Instructions to follow
What is needed is an exact copy of all the data.

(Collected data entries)
theorem minion_hom_from_coloring:
  assumes "clone A C" "proper_coloring 3 (C 3) (sigma_adjacent A C) c"
  shows "\<exists>\<xi>. minion_hom A C (UNIV :: bool set) proj_clone \<xi>"
proof -
  define coordinate where "coordinate n f = (THE i. determined_by n (minor_colors A c n f) i)" for n f
  have coordinate: "determined_by n (minor_colors A c n f) (coordinate n f)" if "f \<in> C n" for n f
    unfolding coordinate_def
    by (rule theI') (rule K3_polymorphism.ex1_determined_by[OF K3_polymorphism_minor_colors[OF assms that]])
  have coordinate_minor: "coordinate k (minor A n k \<pi> f) = \<pi> (coordinate n f)"
    if "f \<in> C n" "\<forall>j<n. \<pi> j < k" for n k \<pi> f
    using K3_polymorphism.determined_by_unique[OF K3_polymorphism_minor_colors[OF assms minor_in_clone[OF assms(1) that]]]
      coordinate[OF minor_in_clone[OF assms(1) that]] determined_by_minor_colors_minor[OF that(2) coordinate[OF that(1)]]
    by blast
  define \<xi> where "\<xi> n f = proj (UNIV :: bool set) n (coordinate n f)" for n f
  have "minion_hom A C UNIV proj_clone \<xi>"
    unfolding minion_hom_def
  proof (intro conjI allI impI)
    fix n f
    assume "f \<in> C n"
    then show "\<xi> n f \<in> proj_clone n"
      using coordinate by (auto simp: \<xi>_def proj_clone_def determined_by_def)
  next
    fix n k :: nat and \<pi> f
    assume "f \<in> C n" "\<forall>i<n. \<pi> i < k"
    moreover have "coordinate n f < n"
      using coordinate[OF \<open>f \<in> C n\<close>] by (simp add: determined_by_def)
    ultimately show "\<xi> k (minor A n k \<pi> f) = minor UNIV n k \<pi> (\<xi> n f)"
      by (simp add: \<xi>_def coordinate_minor) (auto simp: proj_def minor_def restr_def)
  qed
  then show ?thesis
    by blast
qed
(* Let $\lambda\in(0,1)$ and let $G=([n],E)$ be any undirected graph (information graph). Then \[ \frac{\alpha(G) - (\alpha(G)-1)\lambda}{\alpha(G)} \;\ge\; \gamma_\lambda(G) \;\ge\; \frac{\theta(G) - (\theta(G)-1)\lambda}{\theta(G)+\lambda}, \] where $\alpha(G)$ is the independence number of $G$ and $\theta(G)$ is its clique cover number (the least number of cliques partitioning the vertex set).
   Context: For a finite base set $S$ and $f:2^S\to\mathbb{R}_{\ge0}$, write $f(A\mid B)=f(A\cup B)-f(B)$. $f$ is normalized if $f(\emptyset)=0$, monotone if $f(\{e\}\mid A)\ge0$ for all $e,A$, submodular if $f(\{e\}\mid A)\ge f(\{e\}\mid B)$ for $A\subseteq B\subseteq S$, $e\in S\setminus B$. Such $f$ has total curvature $\lambda\in(0,1)$ if $f(\{e\}\mid A)\ge(1-\lambda)f(\{e\})$ for all $e\in S$ and $A\subseteq S\setminus\{e\}$; $\mathcal{F}_\lambda$ is the set of normalized, monotone, submodular functions with total curvature $\lambda$. There are $n$ agents $[n]$ with decision sets $X_i\subseteq S$ forming a partition of $S$; action profiles $x\in X=X_1\times\cdots\times X_n$ are valued by $f(x)=f(\{x_1,\dots,x_n\})$, and $x_M=\{x_i:i\in M\}$. Let $x^{\mathrm{opt}}\in\arg\max_{x\in X}f(x)$. Given an undirected graph $G=([n],E)$, let $\mathcal{N}_i=\{j<i : (j,i)\in E\}$. The generalized greedy algorithm produces $x^{\mathrm{sol}}$ with $x^{\mathrm{sol}}_i\in\arg\max_{x_i\in X_i} f(x_i\mid x^{\mathrm{sol}}_{\mathcal{N}_i})$, taking $x^{\mathrm{sol}}$ to be the worst among all possible greedy outcomes. Define $\gamma(f,X,G)=f(x^{\mathrm{sol}})/f(x^{\mathrm{opt}})$ and $\gamma_\lambda(G)=\inf_{f\in\mathcal{F}_\lambda,X}\gamma(f,X,G)$. *)

theory Defs
  imports Main "HOL-Library.Disjoint_Sets" Complex_Main
begin

definition undirected_graph :: "nat \<Rightarrow> (nat \<times> nat) set \<Rightarrow> bool" where
  "undirected_graph n E \<longleftrightarrow> E \<subseteq> {1..n} \<times> {1..n} \<and> sym E \<and> irrefl E"

definition independent_set :: "(nat \<times> nat) set \<Rightarrow> nat set \<Rightarrow> bool" where
  "independent_set E I \<longleftrightarrow> (\<forall>u\<in>I. \<forall>v\<in>I. (u, v) \<notin> E)"

definition clique :: "(nat \<times> nat) set \<Rightarrow> nat set \<Rightarrow> bool" where
  "clique E C \<longleftrightarrow> (\<forall>u\<in>C. \<forall>v\<in>C. u \<noteq> v \<longrightarrow> (u, v) \<in> E)"

definition independence_number :: "nat \<Rightarrow> (nat \<times> nat) set \<Rightarrow> nat" where
  "independence_number n E = Max {card I | I. I \<subseteq> {1..n} \<and> independent_set E I}"

definition clique_cover_number :: "nat \<Rightarrow> (nat \<times> nat) set \<Rightarrow> nat" where
  "clique_cover_number n E =
     (LEAST k. \<exists>P. partition_on {1..n} P \<and> (\<forall>C\<in>P. clique E C) \<and> card P = k)"

definition marg :: "(nat set \<Rightarrow> real) \<Rightarrow> nat set \<Rightarrow> nat set \<Rightarrow> real" where
  "marg f A B = f (A \<union> B) - f B"

text \<open>f : 2^S \<rightarrow> R_{\<ge>0} is normalized, monotone, submodular, with total curvature lambda.\<close>
definition in_F_lambda :: "real \<Rightarrow> nat set \<Rightarrow> (nat set \<Rightarrow> real) \<Rightarrow> bool" where
  "in_F_lambda lam S f \<longleftrightarrow>
     (\<forall>A. A \<subseteq> S \<longrightarrow> f A \<ge> 0) \<and>
     f {} = 0 \<and>
     (\<forall>e\<in>S. \<forall>A. A \<subseteq> S \<longrightarrow> marg f {e} A \<ge> 0) \<and>
     (\<forall>A B e. A \<subseteq> B \<and> B \<subseteq> S \<and> e \<in> S - B \<longrightarrow> marg f {e} A \<ge> marg f {e} B) \<and>
     (\<forall>e\<in>S. \<forall>A. A \<subseteq> S - {e} \<longrightarrow> marg f {e} A \<ge> (1 - lam) * f {e})"

definition decision_sets :: "nat \<Rightarrow> nat set \<Rightarrow> (nat \<Rightarrow> nat set) \<Rightarrow> bool" where
  "decision_sets n S X \<longleftrightarrow>
     (\<forall>i\<in>{1..n}. X i \<noteq> {}) \<and>
     (\<forall>i\<in>{1..n}. \<forall>j\<in>{1..n}. i \<noteq> j \<longrightarrow> X i \<inter> X j = {}) \<and>
     (\<Union>i\<in>{1..n}. X i) = S"

definition action_profile :: "nat \<Rightarrow> (nat \<Rightarrow> nat set) \<Rightarrow> (nat \<Rightarrow> nat) \<Rightarrow> bool" where
  "action_profile n X x \<longleftrightarrow> (\<forall>i\<in>{1..n}. x i \<in> X i)"

definition acts :: "(nat \<Rightarrow> nat) \<Rightarrow> nat set \<Rightarrow> nat set" where
  "acts x M = x ` M"

definition nbrs :: "(nat \<times> nat) set \<Rightarrow> nat \<Rightarrow> nat set" where
  "nbrs E i = {j. j < i \<and> (j, i) \<in> E}"

definition opt_value :: "nat \<Rightarrow> (nat \<Rightarrow> nat set) \<Rightarrow> (nat set \<Rightarrow> real) \<Rightarrow> real" where
  "opt_value n X f = Max {f (acts x {1..n}) | x. action_profile n X x}"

Task output
theorem minion_hom_from_coloring:
  assumes "clone A C" "proper_coloring 3 (C 3) (sigma_adjacent A C) c"
  shows "\<exists>\<xi>. minion_hom A C (UNIV :: bool set) proj_clone \<xi>"
proof -
  define coordinate where "coordinate n f = (THE i. determined_by n (minor_colors A c n f) i)" for n f
  have coordinate: "determined_by n (minor_colors A c n f) (coordinate n f)" if "f \<in> C n" for n f
    unfolding coordinate_def
    by (rule theI') (rule K3_polymorphism.ex1_determined_by[OF K3_polymorphism_minor_colors[OF assms that]])
  have coordinate_minor: "coordinate k (minor A n k \<pi> f) = \<pi> (coordinate n f)"
    if "f \<in> C n" "\<forall>j<n. \<pi> j < k" for n k \<pi> f
    using K3_polymorphism.determined_by_unique[OF K3_polymorphism_minor_colors[OF assms minor_in_clone[OF assms(1) that]]]
      coordinate[OF minor_in_clone[OF assms(1) that]] determined_by_minor_colors_minor[OF that(2) coordinate[OF that(1)]]
    by blast
  define \<xi> where "\<xi> n f = proj (UNIV :: bool set) n (coordinate n f)" for n f
  have "minion_hom A C UNIV proj_clone \<xi>"
    unfolding minion_hom_def
  proof (intro conjI allI impI)
    fix n f
    assume "f \<in> C n"
    then show "\<xi> n f \<in> proj_clone n"
      using coordinate by (auto simp: \<xi>_def proj_clone_def determined_by_def)
  next
    fix n k :: nat and \<pi> f
    assume "f \<in> C n" "\<forall>i<n. \<pi> i < k"
    moreover have "coordinate n f < n"
      using coordinate[OF \<open>f \<in> C n\<close>] by (simp add: determined_by_def)
    ultimately show "\<xi> k (minor A n k \<pi> f) = minor UNIV n k \<pi> (\<xi> n f)"
      by (simp add: \<xi>_def coordinate_minor) (auto simp: proj_def minor_def restr_def)
  qed
  then show ?thesis
    by blast
qed
(* Let $\lambda\in(0,1)$ and let $G=([n],E)$ be any undirected graph (information graph). Then \[ \frac{\alpha(G) - (\alpha(G)-1)\lambda}{\alpha(G)} \;\ge\; \gamma_\lambda(G) \;\ge\; \frac{\theta(G) - (\theta(G)-1)\lambda}{\theta(G)+\lambda}, \] where $\alpha(G)$ is the independence number of $G$ and $\theta(G)$ is its clique cover number (the least number of cliques partitioning the vertex set).
   Context: For a finite base set $S$ and $f:2^S\to\mathbb{R}_{\ge0}$, write $f(A\mid B)=f(A\cup B)-f(B)$. $f$ is normalized if $f(\emptyset)=0$, monotone if $f(\{e\}\mid A)\ge0$ for all $e,A$, submodular if $f(\{e\}\mid A)\ge f(\{e\}\mid B)$ for $A\subseteq B\subseteq S$, $e\in S\setminus B$. Such $f$ has total curvature $\lambda\in(0,1)$ if $f(\{e\}\mid A)\ge(1-\lambda)f(\{e\})$ for all $e\in S$ and $A\subseteq S\setminus\{e\}$; $\mathcal{F}_\lambda$ is the set of normalized, monotone, submodular functions with total curvature $\lambda$. There are $n$ agents $[n]$ with decision sets $X_i\subseteq S$ forming a partition of $S$; action profiles $x\in X=X_1\times\cdots\times X_n$ are valued by $f(x)=f(\{x_1,\dots,x_n\})$, and $x_M=\{x_i:i\in M\}$. Let $x^{\mathrm{opt}}\in\arg\max_{x\in X}f(x)$. Given an undirected graph $G=([n],E)$, let $\mathcal{N}_i=\{j<i : (j,i)\in E\}$. The generalized greedy algorithm produces $x^{\mathrm{sol}}$ with $x^{\mathrm{sol}}_i\in\arg\max_{x_i\in X_i} f(x_i\mid x^{\mathrm{sol}}_{\mathcal{N}_i})$, taking $x^{\mathrm{sol}}$ to be the worst among all possible greedy outcomes. Define $\gamma(f,X,G)=f(x^{\mathrm{sol}})/f(x^{\mathrm{opt}})$ and $\gamma_\lambda(G)=\inf_{f\in\mathcal{F}_\lambda,X}\gamma(f,X,G)$. *)

theory Defs
  imports Main "HOL-Library.Disjoint_Sets" Complex_Main
begin

definition undirected_graph :: "nat \<Rightarrow> (nat \<times> nat) set \<Rightarrow> bool" where
  "undirected_graph n E \<longleftrightarrow> E \<subseteq> {1..n} \<times> {1..n} \<and> sym E \<and> irrefl E"

definition independent_set :: "(nat \<times> nat) set \<Rightarrow> nat set \<Rightarrow> bool" where
  "independent_set E I \<longleftrightarrow> (\<forall>u\<in>I. \<forall>v\<in>I. (u, v) \<notin> E)"

definition clique :: "(nat \<times> nat) set \<Rightarrow> nat set \<Rightarrow> bool" where
  "clique E C \<longleftrightarrow> (\<forall>u\<in>C. \<forall>v\<in>C. u \<noteq> v \<longrightarrow> (u, v) \<in> E)"

definition independence_number :: "nat \<Rightarrow> (nat \<times> nat) set \<Rightarrow> nat" where
  "independence_number n E = Max {card I | I. I \<subseteq> {1..n} \<and> independent_set E I}"

definition clique_cover_number :: "nat \<Rightarrow> (nat \<times> nat) set \<Rightarrow> nat" where
  "clique_cover_number n E =
     (LEAST k. \<exists>P. partition_on {1..n} P \<and> (\<forall>C\<in>P. clique E C) \<and> card P = k)"

definition marg :: "(nat set \<Rightarrow> real) \<Rightarrow> nat set \<Rightarrow> nat set \<Rightarrow> real" where
  "marg f A B = f (A \<union> B) - f B"

text \<open>f : 2^S \<rightarrow> R_{\<ge>0} is normalized, monotone, submodular, with total curvature lambda.\<close>
definition in_F_lambda :: "real \<Rightarrow> nat set \<Rightarrow> (nat set \<Rightarrow> real) \<Rightarrow> bool" where
  "in_F_lambda lam S f \<longleftrightarrow>
     (\<forall>A. A \<subseteq> S \<longrightarrow> f A \<ge> 0) \<and>
     f {} = 0 \<and>
     (\<forall>e\<in>S. \<forall>A. A \<subseteq> S \<longrightarrow> marg f {e} A \<ge> 0) \<and>
     (\<forall>A B e. A \<subseteq> B \<and> B \<subseteq> S \<and> e \<in> S - B \<longrightarrow> marg f {e} A \<ge> marg f {e} B) \<and>
     (\<forall>e\<in>S. \<forall>A. A \<subseteq> S - {e} \<longrightarrow> marg f {e} A \<ge> (1 - lam) * f {e})"

definition decision_sets :: "nat \<Rightarrow> nat set \<Rightarrow> (nat \<Rightarrow> nat set) \<Rightarrow> bool" where
  "decision_sets n S X \<longleftrightarrow>
     (\<forall>i\<in>{1..n}. X i \<noteq> {}) \<and>
     (\<forall>i\<in>{1..n}. \<forall>j\<in>{1..n}. i \<noteq> j \<longrightarrow> X i \<inter> X j = {}) \<and>
     (\<Union>i\<in>{1..n}. X i) = S"

definition action_profile :: "nat \<Rightarrow> (nat \<Rightarrow> nat set) \<Rightarrow> (nat \<Rightarrow> nat) \<Rightarrow> bool" where
  "action_profile n X x \<longleftrightarrow> (\<forall>i\<in>{1..n}. x i \<in> X i)"

definition acts :: "(nat \<Rightarrow> nat) \<Rightarrow> nat set \<Rightarrow> nat set" where
  "acts x M = x ` M"

definition nbrs :: "(nat \<times> nat) set \<Rightarrow> nat \<Rightarrow> nat set" where
  "nbrs E i = {j. j < i \<and> (j, i) \<in> E}"

definition opt_value :: "nat \<Rightarrow> (nat \<Rightarrow> nat set) \<Rightarrow> (nat set \<Rightarrow> real) \<Rightarrow> real" where
  "opt_value n X f = Max {f (acts x {1..n}) | x. action_profile n X x}"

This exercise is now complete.